*INSTRUCTIONS TO FOLLOW*.
Print exactly the lines below between the line holding "define n where" and the line holding "using \<open>0 <", inclusive, and nothing more.

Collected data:
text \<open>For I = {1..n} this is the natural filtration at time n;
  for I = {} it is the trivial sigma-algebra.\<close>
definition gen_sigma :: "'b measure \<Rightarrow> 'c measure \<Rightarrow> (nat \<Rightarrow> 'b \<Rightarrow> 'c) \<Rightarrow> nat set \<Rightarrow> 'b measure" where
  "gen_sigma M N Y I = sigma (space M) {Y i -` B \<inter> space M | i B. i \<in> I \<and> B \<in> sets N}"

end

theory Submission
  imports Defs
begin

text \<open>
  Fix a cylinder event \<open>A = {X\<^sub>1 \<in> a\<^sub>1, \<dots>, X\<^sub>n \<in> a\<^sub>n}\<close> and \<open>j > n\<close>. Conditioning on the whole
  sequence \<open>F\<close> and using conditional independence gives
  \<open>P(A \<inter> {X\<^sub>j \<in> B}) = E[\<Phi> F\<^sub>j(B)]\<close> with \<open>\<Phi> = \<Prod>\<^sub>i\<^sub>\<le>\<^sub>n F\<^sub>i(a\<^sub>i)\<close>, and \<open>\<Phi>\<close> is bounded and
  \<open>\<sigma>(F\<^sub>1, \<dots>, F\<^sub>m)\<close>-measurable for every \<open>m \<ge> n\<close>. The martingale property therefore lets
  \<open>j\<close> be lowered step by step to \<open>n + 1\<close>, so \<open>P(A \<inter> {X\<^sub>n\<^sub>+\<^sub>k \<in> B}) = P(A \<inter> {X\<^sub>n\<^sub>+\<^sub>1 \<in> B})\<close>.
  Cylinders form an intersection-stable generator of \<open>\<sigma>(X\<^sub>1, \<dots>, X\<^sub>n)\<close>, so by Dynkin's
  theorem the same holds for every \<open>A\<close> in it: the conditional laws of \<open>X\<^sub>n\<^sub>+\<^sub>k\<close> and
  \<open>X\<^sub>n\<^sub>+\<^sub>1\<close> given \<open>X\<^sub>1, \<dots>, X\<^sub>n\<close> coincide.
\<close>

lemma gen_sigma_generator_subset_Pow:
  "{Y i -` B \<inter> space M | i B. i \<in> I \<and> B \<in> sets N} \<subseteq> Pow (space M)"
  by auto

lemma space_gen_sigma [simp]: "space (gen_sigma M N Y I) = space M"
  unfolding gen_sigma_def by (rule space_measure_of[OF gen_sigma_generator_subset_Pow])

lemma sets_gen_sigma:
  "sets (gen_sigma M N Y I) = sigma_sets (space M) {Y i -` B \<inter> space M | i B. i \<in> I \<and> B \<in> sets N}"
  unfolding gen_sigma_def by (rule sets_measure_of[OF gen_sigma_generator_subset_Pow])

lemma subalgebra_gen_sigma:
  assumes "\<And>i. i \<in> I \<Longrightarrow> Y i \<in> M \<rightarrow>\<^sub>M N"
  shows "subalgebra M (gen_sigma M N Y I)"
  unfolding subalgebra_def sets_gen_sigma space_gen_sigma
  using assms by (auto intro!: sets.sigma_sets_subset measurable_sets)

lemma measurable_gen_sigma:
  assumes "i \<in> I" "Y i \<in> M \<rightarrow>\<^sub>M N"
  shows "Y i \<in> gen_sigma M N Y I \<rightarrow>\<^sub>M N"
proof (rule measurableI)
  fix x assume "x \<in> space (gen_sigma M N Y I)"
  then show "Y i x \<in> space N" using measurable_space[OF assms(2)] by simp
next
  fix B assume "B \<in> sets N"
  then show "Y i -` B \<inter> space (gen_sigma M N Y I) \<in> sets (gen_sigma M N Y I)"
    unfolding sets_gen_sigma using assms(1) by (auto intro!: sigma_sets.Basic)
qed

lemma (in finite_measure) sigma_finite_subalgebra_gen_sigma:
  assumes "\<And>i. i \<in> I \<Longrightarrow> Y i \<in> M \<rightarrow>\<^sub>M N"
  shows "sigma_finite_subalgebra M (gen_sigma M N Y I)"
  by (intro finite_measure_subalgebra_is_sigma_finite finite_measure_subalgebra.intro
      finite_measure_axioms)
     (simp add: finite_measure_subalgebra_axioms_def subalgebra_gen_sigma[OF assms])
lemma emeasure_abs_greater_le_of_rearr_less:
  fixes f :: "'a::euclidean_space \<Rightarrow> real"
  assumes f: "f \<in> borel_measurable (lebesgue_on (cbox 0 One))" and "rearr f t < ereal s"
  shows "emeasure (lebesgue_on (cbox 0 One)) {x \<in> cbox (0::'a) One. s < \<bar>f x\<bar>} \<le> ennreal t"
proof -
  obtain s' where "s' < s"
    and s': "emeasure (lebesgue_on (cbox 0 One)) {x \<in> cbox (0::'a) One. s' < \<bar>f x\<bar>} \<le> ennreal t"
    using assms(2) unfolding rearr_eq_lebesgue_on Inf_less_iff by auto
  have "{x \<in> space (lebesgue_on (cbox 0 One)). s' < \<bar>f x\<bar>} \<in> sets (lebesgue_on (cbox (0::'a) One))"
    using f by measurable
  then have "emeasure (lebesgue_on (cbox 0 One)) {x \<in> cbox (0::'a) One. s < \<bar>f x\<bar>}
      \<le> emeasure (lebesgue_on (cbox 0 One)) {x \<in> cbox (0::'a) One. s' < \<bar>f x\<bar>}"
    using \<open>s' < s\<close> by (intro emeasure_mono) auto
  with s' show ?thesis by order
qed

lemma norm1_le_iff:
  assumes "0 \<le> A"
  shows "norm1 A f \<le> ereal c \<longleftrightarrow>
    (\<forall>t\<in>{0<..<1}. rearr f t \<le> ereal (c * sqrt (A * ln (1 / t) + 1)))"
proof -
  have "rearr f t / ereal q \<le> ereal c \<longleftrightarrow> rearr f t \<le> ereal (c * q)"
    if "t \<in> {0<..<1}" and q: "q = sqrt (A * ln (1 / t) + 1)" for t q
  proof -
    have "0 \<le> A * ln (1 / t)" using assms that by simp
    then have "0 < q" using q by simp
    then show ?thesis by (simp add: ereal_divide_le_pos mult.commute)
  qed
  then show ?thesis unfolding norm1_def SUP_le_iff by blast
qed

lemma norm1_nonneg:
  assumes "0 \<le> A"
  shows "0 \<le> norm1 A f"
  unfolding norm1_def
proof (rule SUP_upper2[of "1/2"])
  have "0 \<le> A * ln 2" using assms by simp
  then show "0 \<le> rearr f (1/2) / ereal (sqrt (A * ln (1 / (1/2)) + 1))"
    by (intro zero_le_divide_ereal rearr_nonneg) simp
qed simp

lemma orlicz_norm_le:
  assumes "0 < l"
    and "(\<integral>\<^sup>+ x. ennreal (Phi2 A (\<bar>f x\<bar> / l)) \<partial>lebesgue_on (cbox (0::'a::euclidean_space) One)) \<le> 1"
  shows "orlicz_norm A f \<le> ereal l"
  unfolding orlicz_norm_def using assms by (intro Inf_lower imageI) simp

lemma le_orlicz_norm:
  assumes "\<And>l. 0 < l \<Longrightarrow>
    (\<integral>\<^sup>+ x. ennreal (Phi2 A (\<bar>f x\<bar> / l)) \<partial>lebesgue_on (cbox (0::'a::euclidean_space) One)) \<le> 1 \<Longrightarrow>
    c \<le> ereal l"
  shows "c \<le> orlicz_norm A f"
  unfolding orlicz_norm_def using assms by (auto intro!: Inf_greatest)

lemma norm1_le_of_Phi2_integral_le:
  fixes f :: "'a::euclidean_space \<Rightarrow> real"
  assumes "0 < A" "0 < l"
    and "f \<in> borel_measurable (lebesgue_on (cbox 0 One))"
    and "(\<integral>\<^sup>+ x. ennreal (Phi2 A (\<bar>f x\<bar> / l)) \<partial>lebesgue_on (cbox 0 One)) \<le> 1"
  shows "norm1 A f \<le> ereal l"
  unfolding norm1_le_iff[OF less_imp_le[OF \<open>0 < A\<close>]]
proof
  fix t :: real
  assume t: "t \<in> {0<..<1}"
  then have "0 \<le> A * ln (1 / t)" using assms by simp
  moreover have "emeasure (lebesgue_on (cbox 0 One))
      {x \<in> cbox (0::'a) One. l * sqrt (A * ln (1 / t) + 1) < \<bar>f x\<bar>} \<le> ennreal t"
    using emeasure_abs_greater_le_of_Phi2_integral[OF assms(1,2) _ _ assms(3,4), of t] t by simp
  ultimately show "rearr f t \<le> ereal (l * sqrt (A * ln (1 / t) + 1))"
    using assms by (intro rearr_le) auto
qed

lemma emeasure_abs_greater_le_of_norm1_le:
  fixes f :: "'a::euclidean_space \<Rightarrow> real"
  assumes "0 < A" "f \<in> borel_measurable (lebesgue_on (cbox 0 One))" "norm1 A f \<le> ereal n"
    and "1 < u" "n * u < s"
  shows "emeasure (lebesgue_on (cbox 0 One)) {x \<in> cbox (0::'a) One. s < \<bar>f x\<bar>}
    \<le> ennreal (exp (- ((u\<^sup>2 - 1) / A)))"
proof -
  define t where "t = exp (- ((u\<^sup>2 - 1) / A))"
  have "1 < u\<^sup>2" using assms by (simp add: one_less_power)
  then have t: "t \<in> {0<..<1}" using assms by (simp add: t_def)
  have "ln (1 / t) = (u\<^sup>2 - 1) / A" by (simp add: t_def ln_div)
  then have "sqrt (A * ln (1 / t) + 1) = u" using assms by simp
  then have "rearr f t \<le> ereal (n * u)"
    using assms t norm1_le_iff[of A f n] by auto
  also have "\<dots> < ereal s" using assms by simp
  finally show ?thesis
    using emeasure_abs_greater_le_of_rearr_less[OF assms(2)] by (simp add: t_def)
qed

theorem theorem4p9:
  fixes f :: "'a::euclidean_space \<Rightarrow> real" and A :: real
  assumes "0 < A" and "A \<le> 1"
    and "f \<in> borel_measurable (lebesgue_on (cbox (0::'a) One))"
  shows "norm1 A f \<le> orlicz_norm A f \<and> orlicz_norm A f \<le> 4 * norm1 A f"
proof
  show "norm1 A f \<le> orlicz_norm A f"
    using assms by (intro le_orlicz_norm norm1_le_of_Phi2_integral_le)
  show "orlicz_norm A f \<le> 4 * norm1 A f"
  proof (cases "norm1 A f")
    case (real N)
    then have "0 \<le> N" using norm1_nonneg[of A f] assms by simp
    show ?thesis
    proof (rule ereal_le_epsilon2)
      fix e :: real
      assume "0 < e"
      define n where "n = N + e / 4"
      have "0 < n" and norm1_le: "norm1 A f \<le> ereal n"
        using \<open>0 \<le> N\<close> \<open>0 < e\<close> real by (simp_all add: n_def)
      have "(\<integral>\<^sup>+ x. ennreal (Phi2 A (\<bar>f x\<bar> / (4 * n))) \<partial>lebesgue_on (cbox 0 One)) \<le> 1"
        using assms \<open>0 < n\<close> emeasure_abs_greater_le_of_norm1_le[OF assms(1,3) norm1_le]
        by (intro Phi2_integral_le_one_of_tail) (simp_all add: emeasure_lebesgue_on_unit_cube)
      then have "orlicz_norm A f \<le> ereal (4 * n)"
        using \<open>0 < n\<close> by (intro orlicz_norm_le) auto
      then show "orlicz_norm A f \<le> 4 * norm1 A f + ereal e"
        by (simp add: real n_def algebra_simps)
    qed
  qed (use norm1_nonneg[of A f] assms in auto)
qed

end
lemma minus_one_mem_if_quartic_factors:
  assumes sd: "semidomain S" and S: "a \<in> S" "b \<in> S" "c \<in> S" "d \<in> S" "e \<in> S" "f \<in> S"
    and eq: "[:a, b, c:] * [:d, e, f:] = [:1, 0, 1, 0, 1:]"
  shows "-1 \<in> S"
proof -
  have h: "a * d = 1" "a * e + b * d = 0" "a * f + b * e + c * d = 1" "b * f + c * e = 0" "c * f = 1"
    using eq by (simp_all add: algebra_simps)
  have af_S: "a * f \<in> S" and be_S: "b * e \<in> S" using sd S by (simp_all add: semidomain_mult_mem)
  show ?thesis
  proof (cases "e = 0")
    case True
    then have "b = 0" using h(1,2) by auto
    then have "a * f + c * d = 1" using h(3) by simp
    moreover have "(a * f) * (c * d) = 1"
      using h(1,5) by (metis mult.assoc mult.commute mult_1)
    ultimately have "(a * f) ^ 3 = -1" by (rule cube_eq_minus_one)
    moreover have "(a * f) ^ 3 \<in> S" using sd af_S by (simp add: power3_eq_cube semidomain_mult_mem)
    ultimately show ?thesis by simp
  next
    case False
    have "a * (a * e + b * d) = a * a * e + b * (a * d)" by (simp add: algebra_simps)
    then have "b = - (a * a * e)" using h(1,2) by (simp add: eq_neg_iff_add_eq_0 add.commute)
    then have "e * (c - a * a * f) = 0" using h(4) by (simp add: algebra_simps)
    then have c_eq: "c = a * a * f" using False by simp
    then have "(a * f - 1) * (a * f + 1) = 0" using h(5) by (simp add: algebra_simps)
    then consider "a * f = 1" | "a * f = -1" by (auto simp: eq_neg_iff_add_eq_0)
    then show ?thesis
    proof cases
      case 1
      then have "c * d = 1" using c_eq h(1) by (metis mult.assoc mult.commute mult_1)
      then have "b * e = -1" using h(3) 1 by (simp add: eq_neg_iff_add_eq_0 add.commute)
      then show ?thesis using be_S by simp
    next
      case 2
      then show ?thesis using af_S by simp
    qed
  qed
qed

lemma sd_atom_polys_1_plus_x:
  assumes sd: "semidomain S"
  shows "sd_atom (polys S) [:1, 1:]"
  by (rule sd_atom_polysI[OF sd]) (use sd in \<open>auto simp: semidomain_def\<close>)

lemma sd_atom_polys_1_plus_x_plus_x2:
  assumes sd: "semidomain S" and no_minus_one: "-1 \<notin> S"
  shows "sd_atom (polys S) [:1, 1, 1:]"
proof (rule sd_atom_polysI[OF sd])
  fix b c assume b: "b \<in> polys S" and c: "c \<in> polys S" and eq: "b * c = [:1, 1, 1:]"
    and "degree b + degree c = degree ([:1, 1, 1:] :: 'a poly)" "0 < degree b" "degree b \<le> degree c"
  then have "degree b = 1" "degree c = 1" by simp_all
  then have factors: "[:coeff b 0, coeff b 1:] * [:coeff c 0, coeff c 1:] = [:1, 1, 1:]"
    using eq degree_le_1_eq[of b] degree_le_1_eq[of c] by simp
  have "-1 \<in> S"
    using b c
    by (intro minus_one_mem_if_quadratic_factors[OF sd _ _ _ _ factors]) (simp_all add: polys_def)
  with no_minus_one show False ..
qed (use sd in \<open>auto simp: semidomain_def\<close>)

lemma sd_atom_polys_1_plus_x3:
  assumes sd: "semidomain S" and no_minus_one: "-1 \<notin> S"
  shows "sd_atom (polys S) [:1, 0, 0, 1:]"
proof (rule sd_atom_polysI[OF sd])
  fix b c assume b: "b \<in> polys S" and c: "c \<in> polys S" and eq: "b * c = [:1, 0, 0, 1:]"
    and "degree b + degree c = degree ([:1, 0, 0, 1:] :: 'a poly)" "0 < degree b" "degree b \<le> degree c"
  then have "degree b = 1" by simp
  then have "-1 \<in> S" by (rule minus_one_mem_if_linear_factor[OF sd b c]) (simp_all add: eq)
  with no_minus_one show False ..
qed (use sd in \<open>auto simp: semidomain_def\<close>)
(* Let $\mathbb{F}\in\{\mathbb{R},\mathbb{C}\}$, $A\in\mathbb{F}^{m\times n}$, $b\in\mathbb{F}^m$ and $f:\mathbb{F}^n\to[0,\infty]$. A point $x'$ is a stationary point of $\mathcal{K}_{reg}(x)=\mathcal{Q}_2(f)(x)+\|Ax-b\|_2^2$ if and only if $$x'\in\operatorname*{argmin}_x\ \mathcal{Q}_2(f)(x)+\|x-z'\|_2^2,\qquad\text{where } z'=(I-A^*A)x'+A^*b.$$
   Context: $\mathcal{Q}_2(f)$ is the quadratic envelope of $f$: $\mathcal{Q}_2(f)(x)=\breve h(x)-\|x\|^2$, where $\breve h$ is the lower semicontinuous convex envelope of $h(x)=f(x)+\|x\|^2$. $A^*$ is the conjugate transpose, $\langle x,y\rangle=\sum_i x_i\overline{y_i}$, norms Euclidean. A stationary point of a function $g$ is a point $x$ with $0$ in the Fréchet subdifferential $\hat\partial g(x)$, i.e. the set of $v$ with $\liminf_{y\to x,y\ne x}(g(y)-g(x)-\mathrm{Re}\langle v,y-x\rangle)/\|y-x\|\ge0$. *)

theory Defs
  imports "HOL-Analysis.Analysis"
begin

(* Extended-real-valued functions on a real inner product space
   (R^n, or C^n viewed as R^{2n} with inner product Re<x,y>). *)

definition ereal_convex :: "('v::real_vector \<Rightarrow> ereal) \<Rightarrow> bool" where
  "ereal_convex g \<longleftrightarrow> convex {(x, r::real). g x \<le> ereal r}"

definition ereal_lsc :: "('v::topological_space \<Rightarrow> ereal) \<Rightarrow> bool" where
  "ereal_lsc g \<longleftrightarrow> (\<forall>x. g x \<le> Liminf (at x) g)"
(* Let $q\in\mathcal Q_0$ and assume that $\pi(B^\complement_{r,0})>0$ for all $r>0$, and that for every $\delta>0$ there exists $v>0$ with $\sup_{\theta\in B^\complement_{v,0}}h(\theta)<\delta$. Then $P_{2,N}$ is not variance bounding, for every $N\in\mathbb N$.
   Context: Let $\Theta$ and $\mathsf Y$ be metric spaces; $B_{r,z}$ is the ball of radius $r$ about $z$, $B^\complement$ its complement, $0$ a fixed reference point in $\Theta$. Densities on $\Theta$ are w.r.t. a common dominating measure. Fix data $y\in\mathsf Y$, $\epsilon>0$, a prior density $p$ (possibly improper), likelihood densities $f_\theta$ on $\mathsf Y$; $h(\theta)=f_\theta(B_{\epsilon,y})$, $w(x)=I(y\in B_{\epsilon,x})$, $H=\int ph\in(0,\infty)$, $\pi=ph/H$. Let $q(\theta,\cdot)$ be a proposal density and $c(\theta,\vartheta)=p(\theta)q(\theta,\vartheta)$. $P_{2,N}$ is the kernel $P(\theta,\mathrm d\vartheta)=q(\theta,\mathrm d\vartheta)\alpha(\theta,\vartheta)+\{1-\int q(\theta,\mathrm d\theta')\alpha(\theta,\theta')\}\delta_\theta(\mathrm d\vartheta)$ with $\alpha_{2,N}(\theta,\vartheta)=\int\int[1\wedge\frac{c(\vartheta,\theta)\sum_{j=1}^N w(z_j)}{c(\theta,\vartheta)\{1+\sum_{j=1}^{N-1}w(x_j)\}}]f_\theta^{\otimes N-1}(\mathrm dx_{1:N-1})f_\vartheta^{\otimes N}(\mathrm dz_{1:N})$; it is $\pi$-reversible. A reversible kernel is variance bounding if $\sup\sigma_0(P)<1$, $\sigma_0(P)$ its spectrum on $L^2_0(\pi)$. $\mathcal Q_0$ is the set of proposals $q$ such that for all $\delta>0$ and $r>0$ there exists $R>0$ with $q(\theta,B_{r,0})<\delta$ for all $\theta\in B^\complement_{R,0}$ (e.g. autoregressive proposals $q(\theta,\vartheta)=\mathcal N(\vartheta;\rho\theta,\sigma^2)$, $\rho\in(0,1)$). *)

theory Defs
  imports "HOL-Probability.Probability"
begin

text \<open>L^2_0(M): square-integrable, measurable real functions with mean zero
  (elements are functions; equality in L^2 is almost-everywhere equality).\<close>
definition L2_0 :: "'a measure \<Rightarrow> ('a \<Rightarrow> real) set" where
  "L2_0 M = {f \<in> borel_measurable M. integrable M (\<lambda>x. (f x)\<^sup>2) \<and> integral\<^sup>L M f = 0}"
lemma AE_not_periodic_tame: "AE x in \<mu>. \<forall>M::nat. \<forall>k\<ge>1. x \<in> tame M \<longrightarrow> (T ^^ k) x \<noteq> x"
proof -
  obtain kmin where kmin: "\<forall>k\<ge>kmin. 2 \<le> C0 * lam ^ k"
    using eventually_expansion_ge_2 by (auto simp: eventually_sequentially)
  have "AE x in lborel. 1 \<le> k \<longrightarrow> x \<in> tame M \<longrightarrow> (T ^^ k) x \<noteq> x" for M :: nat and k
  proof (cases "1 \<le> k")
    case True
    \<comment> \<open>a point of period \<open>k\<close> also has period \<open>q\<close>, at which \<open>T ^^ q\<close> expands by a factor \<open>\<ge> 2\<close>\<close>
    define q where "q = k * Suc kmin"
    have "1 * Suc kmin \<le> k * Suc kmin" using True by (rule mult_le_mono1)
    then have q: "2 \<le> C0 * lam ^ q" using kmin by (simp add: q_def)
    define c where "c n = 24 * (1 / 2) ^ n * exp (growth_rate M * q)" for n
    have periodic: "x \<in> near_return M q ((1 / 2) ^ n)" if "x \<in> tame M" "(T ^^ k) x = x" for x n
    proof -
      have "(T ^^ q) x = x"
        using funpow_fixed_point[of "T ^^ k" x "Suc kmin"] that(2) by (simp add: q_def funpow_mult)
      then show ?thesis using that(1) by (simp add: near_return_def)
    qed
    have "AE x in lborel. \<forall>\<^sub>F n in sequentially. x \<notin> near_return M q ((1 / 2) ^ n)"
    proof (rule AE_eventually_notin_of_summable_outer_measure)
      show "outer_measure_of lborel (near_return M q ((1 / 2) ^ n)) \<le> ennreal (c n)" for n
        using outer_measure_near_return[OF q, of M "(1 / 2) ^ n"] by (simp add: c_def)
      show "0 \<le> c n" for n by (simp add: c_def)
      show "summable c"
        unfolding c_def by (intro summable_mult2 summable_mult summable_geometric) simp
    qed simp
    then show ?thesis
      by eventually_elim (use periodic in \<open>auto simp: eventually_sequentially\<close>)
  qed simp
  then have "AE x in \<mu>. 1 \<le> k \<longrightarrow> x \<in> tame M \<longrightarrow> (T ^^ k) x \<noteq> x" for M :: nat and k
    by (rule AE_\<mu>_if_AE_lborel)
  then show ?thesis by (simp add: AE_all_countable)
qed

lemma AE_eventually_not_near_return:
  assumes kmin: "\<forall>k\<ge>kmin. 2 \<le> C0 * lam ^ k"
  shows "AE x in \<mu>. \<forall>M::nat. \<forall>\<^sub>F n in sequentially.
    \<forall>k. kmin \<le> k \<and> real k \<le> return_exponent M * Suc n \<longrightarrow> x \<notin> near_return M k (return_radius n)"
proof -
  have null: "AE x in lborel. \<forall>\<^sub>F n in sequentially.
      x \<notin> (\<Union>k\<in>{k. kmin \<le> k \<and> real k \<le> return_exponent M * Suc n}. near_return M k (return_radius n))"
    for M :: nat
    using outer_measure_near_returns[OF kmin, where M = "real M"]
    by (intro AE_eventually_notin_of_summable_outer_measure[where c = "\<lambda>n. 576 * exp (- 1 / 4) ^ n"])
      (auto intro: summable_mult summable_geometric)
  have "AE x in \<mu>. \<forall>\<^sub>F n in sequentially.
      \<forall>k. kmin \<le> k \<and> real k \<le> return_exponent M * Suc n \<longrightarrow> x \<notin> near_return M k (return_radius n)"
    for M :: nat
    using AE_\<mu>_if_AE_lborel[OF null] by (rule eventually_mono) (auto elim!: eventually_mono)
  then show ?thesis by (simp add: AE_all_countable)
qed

*RESPONSE BELOW*.
      define n where "n = N + e / 4"
      have "0 < n" and norm1_le: "norm1 A f \<le> ereal n"
        using \<open>0 \<le> N\<close> \<open>0 < e\<close> real by (simp_all add: n_def)
      have "(\<integral>\<^sup>+ x. ennreal (Phi2 A (\<bar>f x\<bar> / (4 * n))) \<partial>lebesgue_on (cbox 0 One)) \<le> 1"
        using assms \<open>0 < n\<close> emeasure_abs_greater_le_of_norm1_le[OF assms(1,3) norm1_le]
        by (intro Phi2_integral_le_one_of_tail) (simp_all add: emeasure_lebesgue_on_unit_cube)
      then have "orlicz_norm A f \<le> ereal (4 * n)"
        using \<open>0 < n\<close> by (intro orlicz_norm_le) auto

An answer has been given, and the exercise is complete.